2.3. Modelling the Conversion of Fuel-Bound Nitrogen into Nitrogen Oxides

The conversion factor for converting fuel-bound nitrogen into emissions of nitrogen oxides X_NOx is defined as the percentage ratio of the concentration of nitrogen oxide emissions in the combustion gases, as determined by emission measurements, to the theoretical concentration of nitrogen oxides calculated by Equation (1). Emissions from wood combustion are converted to 11% oxygen content in the resulting dry combustion gases; therefore, the calculated concentration is converted to the same oxygen content in dry combustion gases.

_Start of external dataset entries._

lemma card_saturated_colors_le:
  assumes "distance2_coloring W c" "finite W" "2 \<le> s" "s \<le> d"
    and "card (colored_faces W c (s - 1) T) \<le> r ^ (d - (s - 1))"
  shows "card (saturated_colors W c s T) \<le> D * r"
proof -
  let ?cofaces = "\<Union>\<rho>\<in>colored_faces W c (s - 1) T. {\<sigma>\<in>X. card \<sigma> = s \<and> \<rho> \<subseteq> \<sigma>}"
  have "saturated_colors W c s T =
      {x\<in>c ` W - T. r ^ (d - s) \<le> card (colored_faces W c s (insert x T))}"
    using saturated_colors_subset unfolding saturated_colors_def by blast
  moreover have "card {x\<in>c ` W - T. r ^ (d - s) \<le> card (colored_faces W c s (insert x T))}
      * r ^ (d - s) \<le> card ?cofaces"
  proof (rule card_threshold_mult_le)
    show "finite (c ` W - T)" using assms(2) by simp
    show "finite ?cofaces" by (rule rev_finite_subset[OF finite_complex]) auto
    show "colored_faces W c s (insert x T) \<subseteq> ?cofaces" if "x \<in> c ` W - T" for x
      using colored_faces_insert_subset[OF assms(1,3)] that by blast
    show "colored_faces W c s (insert x T) \<inter> colored_faces W c s (insert y T) = {}"
      if "x \<in> c ` W - T" "y \<in> c ` W - T" "x \<noteq> y" for x y
      using that unfolding colored_faces_def by (auto simp: insert_eq_iff)
  qed
  ultimately have "card (saturated_colors W c s T) * r ^ (d - s) \<le> card ?cofaces" by simp
  also have "\<dots> \<le> (\<Sum>\<rho>\<in>colored_faces W c (s - 1) T. card {\<sigma>\<in>X. card \<sigma> = s \<and> \<rho> \<subseteq> \<sigma>})"
    by (rule card_UN_le[OF finite_colored_faces])
  also have "\<dots> \<le> (\<Sum>\<rho>\<in>colored_faces W c (s - 1) T. D)"
    by (rule sum_mono, rule card_cofaces_le) (simp add: colored_faces_def)
  also have "\<dots> \<le> D * r ^ (d - (s - 1))" using assms(5) by simp
  also have "\<dots> = (D * r) * r ^ (d - s)"
  proof -
    have "d - (s - 1) = Suc (d - s)" using assms(3,4) by arith
    then show ?thesis by (simp only: power_Suc mult.assoc)
  qed
  finally have "card (saturated_colors W c s T) * r ^ (d - s) \<le> (D * r) * r ^ (d - s)" .
  then show ?thesis using r_pos by (subst (asm) mult_le_cancel2) simp
qed

lemma card_link_faces_le:
  assumes "v \<notin> W" "v \<in> vertices X"
  shows "card (link_faces W v k) \<le> D"
proof -
  have v_notin: "v \<notin> \<rho>" if "\<rho> \<in> link_faces W v k" for \<rho>
    using that assms(1) unfolding link_faces_def by auto
  have "inj_on (insert v) (link_faces W v k)"
    by (rule inj_onI) (simp add: insert_ident v_notin)
  then have "card (link_faces W v k) = card (insert v ` link_faces W v k)"
    by (simp add: card_image)
  also have "\<dots> \<le> card {\<sigma>\<in>X. card \<sigma> = Suc k \<and> {v} \<subseteq> \<sigma>}"
  proof (rule card_mono)
    show "finite {\<sigma>\<in>X. card \<sigma> = Suc k \<and> {v} \<subseteq> \<sigma>}" using finite_complex by simp
    show "insert v ` link_faces W v k \<subseteq> {\<sigma>\<in>X. card \<sigma> = Suc k \<and> {v} \<subseteq> \<sigma>}"
      using v_notin finite_face unfolding link_faces_def by auto
  qed
  also have "\<dots> \<le> D" by (rule card_cofaces_le[OF singleton_face[OF assms(2)]])
  finally show ?thesis .
qed

lemma card_saturated_link_colors_le:
  assumes "admissible W c" "finite W" "v \<notin> W" "v \<in> vertices X" "s \<in> {2..d}"
  shows "card (\<Union>\<rho>\<in>link_faces W v (s - 1). saturated_colors W c s (c ` \<rho>)) \<le> D * (D * r)"
proof -
  have "card (\<Union>\<rho>\<in>link_faces W v (s - 1). saturated_colors W c s (c ` \<rho>))
      \<le> (\<Sum>\<rho>\<in>link_faces W v (s - 1). D * r)"
  proof (rule order_trans[OF card_UN_le sum_mono])
    show "finite (link_faces W v (s - 1))"
      unfolding link_faces_def using finite_complex by simp
    fix \<rho> assume "\<rho> \<in> link_faces W v (s - 1)"
    then have "\<rho> \<in> colored_faces W c (s - 1) (c ` \<rho>)"
      unfolding link_faces_def colored_faces_def by simp
    moreover have "s - 1 \<in> {1..d}" using assms(5) by auto
    ultimately have "card (colored_faces W c (s - 1) (c ` \<rho>)) \<le> r ^ (d - (s - 1))"
      using assms(1) unfolding admissible_def by blast
    then show "card (saturated_colors W c s (c ` \<rho>)) \<le> D * r"
      using assms(1,2,5) unfolding admissible_def by (intro card_saturated_colors_le) auto
  qed
  also have "\<dots> \<le> D * (D * r)"
    using card_link_faces_le[OF assms(3,4)] by simp
  finally show ?thesis .
qed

$$X_{{\mathrm{NO}}_{\mathrm{x}}}=\frac{C_{{\mathrm{NO}}_{\mathrm{x}}}}{C_{{\mathrm{maxNO}}_{\mathrm{x}}}}\times 100$$

(1)

where X_NOx (%) is the coefficient of the conversion of fuel-bound nitrogen into emissions of nitrogen oxides; C_NOx (mg/m³) is the concentration of NO_x in the combustion gases, determined by emission measurements; and C_maxNOx (mg/m³) is the theoretical (maximum) concentration of NO_x in the combustion gases, formed by the complete oxidation of nitrogen present in the fuel, determined by a technical calculation.

The maximum concentration of NO_x in the combustion gases C_maxNOx (kg/m³) that would be formed by 100% conversion is described by the equation Equations (2)–(4):

$$c_{{\mathrm{maxNO}}_{\mathrm{x}}} =\frac{{}_{\max }m_{{\mathrm{NO}}_{\mathrm{x}}}}{{}_{\min }V_{\mathrm{c}}}$$

(2)

$$c_{{\mathrm{maxNO}}_{\mathrm{x}}}=\frac{\frac{M_{{\mathrm{NO}}_2}}{A_{\mathrm{N}}}\times N^{\mathrm{daf}}}{\frac{V_{\mathrm{m}}}{A_{\mathrm{C}}}\times C^{\mathrm{daf}}+X_{{\mathrm{N}}_2}\times V_{\mathrm{air}}+(\lambda -1)\times V_{\mathrm{air}}}$$

(3)

$$c_{{\mathrm{maxNO}}_{\mathrm{x}}}=\frac{3.2857\times N^{\mathrm{daf}}}{1.8555\times C^{\mathrm{daf}}+0.7905\times V_{\mathrm{air}}+(\lambda -1)\times V_{\mathrm{air}}}$$

(4)

where _maxm_NOx (kg) is the maximum mass of nitrogen oxides formed by the combustion of 1 kg of combustible matter; _minV_c (m_n³) is the minimum volume of combustion gases formed by the combustion of 1 kg of combustible matter according to a stoichiometric calculation; $M_{{NO}_2}$(g/mol) is the molar mass; A_N (g/mol) is the standard atomic weight of nitrogen; A_C (g/mol) is the standard atomic weight of carbon; V_m (dm³/mol) is the molar volume of an ideal gas at 1 atmosphere of pressure is 22.414 dm³/mol at 0 °C; $X_{{\mathrm{N}}_2}$(−) is the proportion of nitrogen in the air; N^daf (kg/kg) is the nitrogen content in the combustible matter; C^daf (kg/kg) is the carbon content in the combustible matter; V_air (m_n³/kg) is the stoichiometric amount of combustion air needed for the combustion of 1 kg of combustible matter; and λ (−) is the excess combustion air.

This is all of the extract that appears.